8.5. Use QP as in 8.2 but with multiple exceptional points, then
return to step 8.3.
9. Modify the components of fit0 as appropriate and return the
result.
}
\value{
an object of class 'lmWinsor', which is either an object of class
c('lmWinsor', 'lm') or a list of such objects. A list is returned
when length(trim) > 0 or is.list(lower) or is.list(upper). The length
of the ouput list is the max of length(trim) and the lengths of any
lists provided for 'lower' and 'upper'. If these lengths are not the
same, shorter ones are replicated to match the longest one.
An object of class c('lmWinsor', 'lm') has 'lower', 'upper', 'out',
'message', and 'elapsed.time' components in addition to the standard
'lm' components. The 'out' component is a logical matrix identifying
which predictions from the initial 'lm' fit were below lower[yName]
and above upper[yName]. If method = 'QP' and the initial fit produces
predictions outside the limits, this object returned will also include
a component 'coefIter' containing the model coefficients, the index
number of the observation in 'data' transferred from the objective
function to the constraints on that iteration, plus the sum of squared
residuals before and after clipping the predictions and the number of
predictions in 5 categories: below and at the lower limit, between
the limits, and at and above the upper limit. The 'elapsed.time'
component gives the run time in seconds.
The options for 'message' are as follows:
\item{1}{
'Initial fit in bounds': All predictions were between 'lower' and
'upper' for 'y'.
}
\item{2}{
'QP iterations successful': The QP iteration described in
'Details', step 7, terminated with all predictions either at or
between the 'lower' and 'upper' for 'y'.
}
\item{3}{
'Iteration terminated by a singular quadratic program': The QP
iteration described in 'Details', step 7, terminated when the
model.matrix for the QP objective function became rank deficient.

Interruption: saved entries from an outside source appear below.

(* (i) A point $(F_1,\dots,F_4,\Phi)\in\mathrm{QPH}(E)$ with $\Phi\ne0$ and $\det\Phi=0$ is not $\beta$-stable for any $\beta\in[0,1)^4$ if and only if $$-\bigl|\{1,2,3,4\}\setminus I_{L(\Phi)}\bigr|\ \ge\ \deg E-2\deg L(\Phi).$$ (ii) A point $(F_1,\dots,F_4,0)$ is not $\beta$-stable for any $\beta\in[0,1)^4$ if and only if there are line subbundles $L,L'\subset E$ with $L\cong\mathcal O(m_1)$, $L'\cong\mathcal O(m_2)$ such that $I_L\cup I_{L'}=\{1,2,3,4\}$.
   Context: Fix $z_1\in\mathbb{CP}^1\setminus\{0,1,\infty\}$, set $z_2=0$, $z_3=1$, $z_4=\infty$, $D=z_1+\dots+z_4$. Let $E\to\mathbb{CP}^1$ be a rank 2 holomorphic bundle of degree $d$, $E\cong\mathcal O(m_1)\oplus\mathcal O(m_2)$, $m_1\ge m_2$. $\mathrm{QPH}(E)$ is the space of tuples $(F_1,\dots,F_4,\Phi)$ where $F_i\subset E|_{z_i}$ are lines and $\Phi\in H^0(\mathrm{End}(E)\otimes K_{\mathbb{CP}^1}(D))$ has nilpotent residues with $F_i\subset\ker\mathrm{Res}_{z_i}\Phi$. A nonzero nilpotent $\Phi$ preserves a unique line subbundle $L(\Phi)$ (saturation of $\ker\Phi$). For a line subbundle $L$, $I_L=\{i:L|_{z_i}=F_i\}$. For $\beta\in[0,1)^4$, $\beta_I=\sum_{i\in I}\beta_i-\sum_{j\notin I}\beta_j$, and $(F,\Phi)$ is $\beta$-stable if $\beta_{I_L}<d-2\deg L$ for every $\Phi$-invariant line subbundle $L\subset E$ (every line subbundle if $\Phi=0$). *)

theory Defs
  imports "HOL-Analysis.Analysis" "HOL-Computational_Algebra.Polynomial"
begin

text \<open>
Points of CP^1 are \<open>complex option\<close> (\<open>None\<close> = infinity);
the marked points are z_1 = z1, z_2 = 0, z_3 = 1, z_4 = infinity.
E = O(m1) + O(m2) is trivialised over C by the frame (e1,e2) and over
CP^1 minus 0 by (f1,f2) with f_k = z^(m_k) e_k; fibres of E are \<open>complex^2\<close>
in these frames.  A global section of O(n) is a polynomial of degree \<le> n,
whose value at infinity (in the f-frame) is its coefficient of z^n.
\<close>

definition pt :: "complex \<Rightarrow> nat \<Rightarrow> complex option" where
  "pt z1 i = (if i = 1 then Some z1 else if i = 2 then Some 0
              else if i = 3 then Some 1 else None)"

definition mdeg :: "int \<Rightarrow> int \<Rightarrow> 2 \<Rightarrow> int" where
  "mdeg m1 m2 i = (if i = 1 then m1 else m2)"

definition icoeff :: "complex poly \<Rightarrow> int \<Rightarrow> complex" where
  "icoeff p j = (if j < 0 then 0 else coeff p (nat j))"

text \<open>\<open>deg_le p n\<close>: p is a global section of O(n) (n may be negative, then p = 0).\<close>
definition deg_le :: "complex poly \<Rightarrow> int \<Rightarrow> bool" where
  "deg_le p n \<longleftrightarrow> p = 0 \<or> int (degree p) \<le> n"

definition cline :: "complex^2 \<Rightarrow> (complex^2) set" where
  "cline v = range (\<lambda>c. c *s v)"

definition is_line :: "(complex^2) set \<Rightarrow> bool" where
  "is_line S \<longleftrightarrow> (\<exists>v. v \<noteq> 0 \<and> S = cline v)"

(Rank deficient in this case means that the smallest singular
value is less than 'eps' times the largest.)
}
In addition to the coefficients, 'coefIter' also includes columns for
'SSEraw' and 'SSEclipped', containing the residual sums of squres from
the estimated linear model before and after clipping to the 'lower'
and 'upper' limits for 'y', plus 'nLoOut', 'nLo.', 'nIn', 'nHi.', and
'nHiOut', summarizing the distribtion of model predictions at each
iteration relative to the limits.
}
\author{ Spencer Graves }
\seealso{
\code{\link{predict.lmWinsor}}
\code{\link{lmeWinsor}}
\code{\link{lm}}
\code{\link{quantile}}
\code{\link[quadprog]{solve.QP}}
}
\examples{
# example from 'anscombe'
lm.1 <- lmWinsor(y1~x1, data=anscombe)
# no leverage to estimate the slope
lm.1.5 <- lmWinsor(y1~x1, data=anscombe, trim=0.5)
# test nonlinear optimization
lm.1.25 <- lmWinsor(y1~x1, data=anscombe, trim=0.25)
# list example
lm.1. <- lmWinsor(y1~x1, data=anscombe, trim=c(0, 0.25, .4, .5))
}
\keyword{ models }